Two weeks ago this pathetic blog told you a soft landing was the likely destination. Now it seems more certain. In this period of time, coincidentally, a lot has changed in the real estate market. Further examples…

  • Two hundred people showed up at an open house for a ‘starter’ home in east-end Toronto, resulting in a dozen offers.
  • In one day a Leaside home was shown over 30 times, and sold.
  • Not far away an owner received six bully offers after it became known the property would be listed soon.
  • In northern Bunnypatch a $2 million home had 60 showings and six offers.
  • A city semi received 33 offers and sold for 70% over asking.
  • A two-bedroom home sold for 30% over asking with 33 offers.
  • A $4 million listing in a not-the-best hood sold last week in three days for more than the vendors wanted.
  • And agents are at it again. Offer nights. Blind bidding. Certified cheques of $100,000 stapled to offers. And don’t bother writing in a condition.

This is a huge change in the course of just days. It’s dramatically at odds with the perception most people have of the market, based on flaming headlines of a sales plunge in Toronto (44%), Vancouver (55%) and Montreal (data yet to be published, but I hear 90%). As central banks popped rates aggressively, winter weather set in, stock markets finished 2022 in a funk and recession headlines were ubiquitous, consumer confidence went over the edge. The negativity in this pathetic blog’s comment section stands witness, as do bogus polls claiming four in ten mortgaged families will be selling in shame within ten months, flooding the market.

All wrong. And no matter how much people without houses want prices to crash, it’s not happening. A correction, yes. Already there. A 50%-off sale? Nope. For that to happen we’d need a long, dark downturn. But in an age of jobs-for-all, rate stability and plunging balloons, 2023 is a different breed.

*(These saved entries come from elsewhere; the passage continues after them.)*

(* Let $(S,+)$ be a semigroup with no idempotent element and of cardinality $\kappa>\omega$. Let $\mu$ be a cardinal with $\omega<\mu\le\kappa$ such that there is a family of $\lambda$ almost disjoint subsets of $\mu$, and let $A\subseteq S$ be an IP set with $|A|=\mu$. Then $A$ contains a family of $\lambda$ almost disjoint subsets each of which is an IP set.
   Context: For an infinite set $X$, a family $\mathcal{A}$ is a family of almost disjoint subsets of $X$ if each $B\in\mathcal{A}$ satisfies $B\subseteq X$ and $|B|=|X|$, and for distinct $B,C\in\mathcal{A}$, $|B\cap C|<|X|$. $e$ is idempotent if $e+e=e$. $A\subseteq S$ is an IP set if there is a sequence $\langle x_n\rangle_{n=1}^\infty$ in $S$ with all finite sums $\sum_{n\in H}x_n$ (increasing order, $H$ a nonempty finite subset of $\mathbb{N}$) in $A$. *)

theory Defs
  imports Main "HOL-Library.Equipollence" "HOL-Library.Countable_Set"
begin

definition almost_disjoint_family :: "'a set \<Rightarrow> 'a set set \<Rightarrow> bool" where
  "almost_disjoint_family X F \<longleftrightarrow>
     (\<forall>B\<in>F. B \<subseteq> X \<and> B \<approx> X) \<and>
     (\<forall>B\<in>F. \<forall>C\<in>F. B \<noteq> C \<longrightarrow> B \<inter> C \<prec> X)"

definition fin_sum :: "(nat \<Rightarrow> 'a::semigroup_add) \<Rightarrow> nat set \<Rightarrow> 'a" where
  "fin_sum x H = (let l = map x (sorted_list_of_set H) in foldl (+) (hd l) (tl l))"

definition IP_set :: "'a::semigroup_add set \<Rightarrow> bool" where
  "IP_set A \<longleftrightarrow> (\<exists>x :: nat \<Rightarrow> 'a.
     \<forall>H. finite H \<and> H \<noteq> {} \<and> H \<subseteq> {1..} \<longrightarrow> fin_sum x H \<in> A)"

end

theory Submission
  imports Defs
begin

text \<open>A contains the countable IP set C of finite sums of a sequence witnessing that A is an IP set.
  As A is uncountable, A - C still has the cardinality of M, so a bijection carries L to an
  almost disjoint family on A - C. Adjoining the small set C to every member keeps the family
  almost disjoint and turns every member into an IP set.\<close>

unbundle cardinal_syntax

lemma lepoll_iff_card_of_ordLeq: "A \<lesssim> B \<longleftrightarrow> |A| \<le>o |B|"
  unfolding lepoll_def card_of_ordLeq[symmetric] ..

lemma lesspoll_iff_card_of_ordLess: "A \<prec> B \<longleftrightarrow> |A| <o |B|"
  unfolding lesspoll_def lepoll_iff_card_of_ordLeq eqpoll_iff_card_of_ordIso
  using ordLeq_iff_ordLess_or_ordIso not_ordLess_ordIso by blast

lemma Un_lepoll_infinite:
  assumes "infinite X" "A \<lesssim> X" "B \<lesssim> X"
  shows "A \<union> B \<lesssim> X"
  using assms card_of_Un_ordLeq_infinite_Field[of "|X|" A B]
  by (simp add: lepoll_iff_card_of_ordLeq card_of_card_order_on Field_card_of)

lemma Un_lesspoll_infinite:
  assumes "infinite X" "A \<prec> X" "B \<prec> X"
  shows "A \<union> B \<prec> X"
  using assms card_of_Un_ordLess_infinite by (simp add: lesspoll_iff_card_of_ordLess)

lemma Un_eqpoll_infinite:
  assumes "infinite X" "C \<lesssim> X"
  shows "C \<union> X \<approx> X"
  using assms by (simp add: Un_lepoll_infinite lepoll_antisym subset_imp_lepoll)

lemma countable_lesspoll_uncountable:
  assumes "countable C" "uncountable X"
  shows "C \<prec> X"
proof -
  have "C \<lesssim> (UNIV :: nat set)"
    using assms(1) unfolding countable_def lepoll_def by blast
  also have "(UNIV :: nat set) \<lesssim> X"
    using assms(2) by (intro infinite_le_lepoll[THEN iffD1]) (auto dest: countable_finite)
  finally have "C \<lesssim> X" .
  moreover have "\<not> C \<approx> X"
    using assms countable_eqpoll[OF assms(1)] eqpoll_sym by blast
  ultimately show ?thesis unfolding lesspoll_def ..
qed

lemma Diff_countable_eqpoll:
  assumes "uncountable X" "countable C"
  shows "X - C \<approx> X"
proof -
  have "uncountable (X - C)"
    using assms by (metis Un_Diff_cancel2 countable_Un countable_subset sup_ge1)
  then have "C \<union> (X - C) \<approx> X - C"
    using assms(2) by (intro Un_eqpoll_infinite lesspoll_imp_lepoll countable_lesspoll_uncountable)
      (auto dest: countable_finite)
  moreover have "X \<subseteq> C \<union> (X - C)" by blast
  ultimately have "X \<lesssim> X - C"
    using subset_imp_lepoll eqpoll_imp_lepoll lepoll_trans by metis
  then show ?thesis by (simp add: lepoll_antisym subset_imp_lepoll)
qed

lemma almost_disjoint_family_bij_betw_image:
  assumes g: "bij_betw g X Y" and ad: "almost_disjoint_family X L"
  shows "almost_disjoint_family Y (image g ` L)" and "image g ` L \<approx> L"
proof -
  have inj: "inj_on g X" and img: "g ` X = Y" using g by (auto simp: bij_betw_def)
  have L: "B \<subseteq> X" "B \<approx> X" if "B \<in> L" for B
    using ad that unfolding almost_disjoint_family_def by auto
  have eqpoll_image: "g ` B \<approx> B" if "B \<subseteq> X" for B
    using inj that by (meson inj_on_image_eqpoll_self inj_on_subset)
  have "X \<approx> Y" using g eqpoll_def by blast
  show "almost_disjoint_family Y (image g ` L)"
    unfolding almost_disjoint_family_def
  proof (intro conjI ballI impI)
    fix E assume "E \<in> image g ` L"
    then obtain B where "B \<in> L" and E: "E = g ` B" by blast
    show "E \<subseteq> Y" using E L[OF \<open>B \<in> L\<close>] img by blast
    have "g ` B \<approx> X" using L[OF \<open>B \<in> L\<close>] eqpoll_image eqpoll_trans by metis
    then show "E \<approx> Y" unfolding E using \<open>X \<approx> Y\<close> by (rule eqpoll_trans)
  next
    fix E E' assume "E \<in> image g ` L" "E' \<in> image g ` L" "E \<noteq> E'"
    then obtain B B' where B: "B \<in> L" "B' \<in> L" "B \<noteq> B'" and E: "E = g ` B" "E' = g ` B'"
      by blast
    have "E \<inter> E' = g ` (B \<inter> B')"
      unfolding E using inj_on_image_Int[OF inj] L B by simp
    also have "\<dots> \<approx> B \<inter> B'" using L B by (intro eqpoll_image) auto
    also have "B \<inter> B' \<prec> X" using ad B unfolding almost_disjoint_family_def by blast
    also note \<open>X \<approx> Y\<close>
    finally show "E \<inter> E' \<prec> Y" .
  qed
  have "inj_on (image g) L"
    using inj_on_subset[OF inj_on_image_Pow[OF inj]] L by blast
  then show "image g ` L \<approx> L" by (rule inj_on_image_eqpoll_self)
qed

lemma almost_disjoint_family_Un_lesspoll:
  assumes X: "infinite X" and C: "C \<prec> X" "C \<inter> X = {}"
    and ad: "almost_disjoint_family X L"
  shows "almost_disjoint_family (C \<union> X) ((\<union>) C ` L)" and "(\<union>) C ` L \<approx> L"
proof -
  have L: "B \<subseteq> X" "B \<approx> X" if "B \<in> L" for B
    using ad that unfolding almost_disjoint_family_def by auto
  have CX: "C \<union> X \<approx> X" using X C by (simp add: Un_eqpoll_infinite lesspoll_imp_lepoll)
  show "almost_disjoint_family (C \<union> X) ((\<union>) C ` L)"
    unfolding almost_disjoint_family_def
  proof (intro conjI ballI impI)
    fix E assume "E \<in> (\<union>) C ` L"
    then obtain B where "B \<in> L" and E: "E = C \<union> B" by blast
    note B = L[OF \<open>B \<in> L\<close>]
    show "E \<subseteq> C \<union> X" using E B by blast
    have "infinite B" using eqpoll_finite_iff[OF B(2)] X by simp
    moreover have "C \<lesssim> B"
      using lesspoll_eq_trans[OF C(1) eqpoll_sym[OF B(2)]] by (rule lesspoll_imp_lepoll)
    ultimately have "E \<approx> B" unfolding E by (rule Un_eqpoll_infinite)
    also have "B \<approx> C \<union> X" using B(2) eqpoll_sym[OF CX] by (rule eqpoll_trans)
    finally show "E \<approx> C \<union> X" .
  next
    fix E E' assume "E \<in> (\<union>) C ` L" "E' \<in> (\<union>) C ` L" "E \<noteq> E'"
    then obtain B B' where B: "B \<in> L" "B' \<in> L" "B \<noteq> B'" and E: "E = C \<union> B" "E' = C \<union> B'"
      by blast
    have "B \<inter> B' \<prec> X" using ad B unfolding almost_disjoint_family_def by blast
    then have "E \<inter> E' \<prec> X" unfolding E Un_Int_distrib[symmetric]
      by (rule Un_lesspoll_infinite[OF X C(1)])
    then show "E \<inter> E' \<prec> C \<union> X" using eqpoll_sym[OF CX] by (rule lesspoll_eq_trans)
  qed
  have "inj_on ((\<union>) C) L"
  proof (rule inj_onI)
    fix B B' assume "B \<in> L" "B' \<in> L" "C \<union> B = C \<union> B'"
    moreover have "B \<inter> C = {}" "B' \<inter> C = {}" using L \<open>B \<in> L\<close> \<open>B' \<in> L\<close> C(2) by blast+
    ultimately show "B = B'" by blast
  qed
  then show "(\<union>) C ` L \<approx> L" by (rule inj_on_image_eqpoll_self)
qed

lemma IP_set_mono:
  assumes "IP_set A" "A \<subseteq> B"
  shows "IP_set B"
  using assms unfolding IP_set_def by (meson subsetD)

lemma IP_set_countable_subset:
  assumes "IP_set A"
  shows "\<exists>C \<subseteq> A. countable C \<and> IP_set C"
proof -
  obtain x :: "nat \<Rightarrow> 'a" where x: "\<And>H. finite H \<and> H \<noteq> {} \<and> H \<subseteq> {1..} \<Longrightarrow> fin_sum x H \<in> A"
    using assms unfolding IP_set_def by blast
  define C where "C = fin_sum x ` {H. finite H \<and> H \<noteq> {} \<and> H \<subseteq> {1..}}"
  have "countable C" unfolding C_def
    by (rule countable_image, rule countable_subset[OF _ countable_Collect_finite]) auto
  moreover have "IP_set C" unfolding IP_set_def C_def by (intro exI[of _ x]) blast
  moreover have "C \<subseteq> A" using x unfolding C_def by blast
  ultimately show ?thesis by blast
qed

theorem theorem2p8:
  fixes A :: "'a::semigroup_add set"
    and M :: "'b set"
    and L :: "'b set set"
  assumes no_idem: "\<forall>e::'a. e + e \<noteq> e"
    and kappa_uncountable: "uncountable (UNIV :: 'a set)"
    and mu_uncountable: "uncountable M"
    and mu_le_kappa: "M \<lesssim> (UNIV :: 'a set)"
    and ad_mu: "almost_disjoint_family M L"
    and IP: "IP_set A"
    and card_A: "A \<approx> M"
  shows "\<exists>F :: 'a set set. F \<approx> L \<and> almost_disjoint_family A F \<and> (\<forall>B\<in>F. IP_set B)"
proof -
  obtain C where "C \<subseteq> A" "countable C" "IP_set C"
    using IP_set_countable_subset[OF IP] by blast
  have "uncountable A"
    using mu_uncountable countable_eqpoll[OF _ eqpoll_sym[OF card_A]] by blast
  then have "A - C \<approx> A" using \<open>countable C\<close> by (rule Diff_countable_eqpoll)
  then have "M \<approx> A - C" using eqpoll_sym[OF eqpoll_trans] card_A by blast
  then obtain g where "bij_betw g M (A - C)" unfolding eqpoll_def ..
  note L' = almost_disjoint_family_bij_betw_image[OF this ad_mu]
  have "uncountable (A - C)"
    using mu_uncountable countable_eqpoll[OF _ \<open>M \<approx> A - C\<close>] by blast
  then have "C \<prec> A - C" using \<open>countable C\<close> countable_lesspoll_uncountable by blast
  moreover have "infinite (A - C)" using \<open>uncountable (A - C)\<close> countable_finite by blast
  ultimately have F: "almost_disjoint_family (C \<union> (A - C)) ((\<union>) C ` image g ` L)"
    "(\<union>) C ` image g ` L \<approx> image g ` L"
    using almost_disjoint_family_Un_lesspoll[OF _ _ _ L'(1)] by blast+
  have "C \<union> (A - C) = A" using \<open>C \<subseteq> A\<close> by blast
  then have "almost_disjoint_family A ((\<union>) C ` image g ` L)" using F(1) by simp
  moreover have "(\<union>) C ` image g ` L \<approx> L" using F(2) L'(2) by (rule eqpoll_trans)
  moreover have "\<forall>B \<in> (\<union>) C ` image g ` L. IP_set B"
    using IP_set_mono[OF \<open>IP_set C\<close>] by blast
  ultimately show ?thesis by blast
qed

end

To be crystal, this blog is not saying the price drop now witnessed is the bottom. All real estate is local, for starters. Some markets will wallow and some rebound. Secondary and tertiary cities, which the pandemic fuelled, are at more risk. Places where the inventory of decent listings is thin will see a strong rutting season. In short, nobody knows a bottom until it’s in the rear view.

Canadians have done a number on themselves and their personal finances with an uncontrollable real estate fixation. Family debt is epic. We owe over a trillion in mortgages. Almost 60% of personal net worth sits in a singe asset. Retirement savings are down. Home ownership costs have exploded, not just because of financing, but also from a bevy of taxes. The average family can no longer afford the average property. And we’re about to witness once again that people have lost their way.

In an ideal world, all those rate hikes would have returned us to, oh, 2015. But now the CB is scared.

Logic dictates there will be a reset. It won’t be fun. But it’s not now.

About the picture: “This is Penelope, my 3-year old, tripod, Formosan mountain dog (aka rescue mutt from Taiwan),” writes Cole, in Vancouver. “She lost a leg as a puppy in Taiwan, but that hasn’t slowed her down in the least. Here she is at the top of the Chief in Squamish, BC. (No, she wasn’t carried up. Did it all herself). As we made our way to the top, a chorus of ‘wow, if she can do it I have no excuses’ seemed to follow us through the woods.”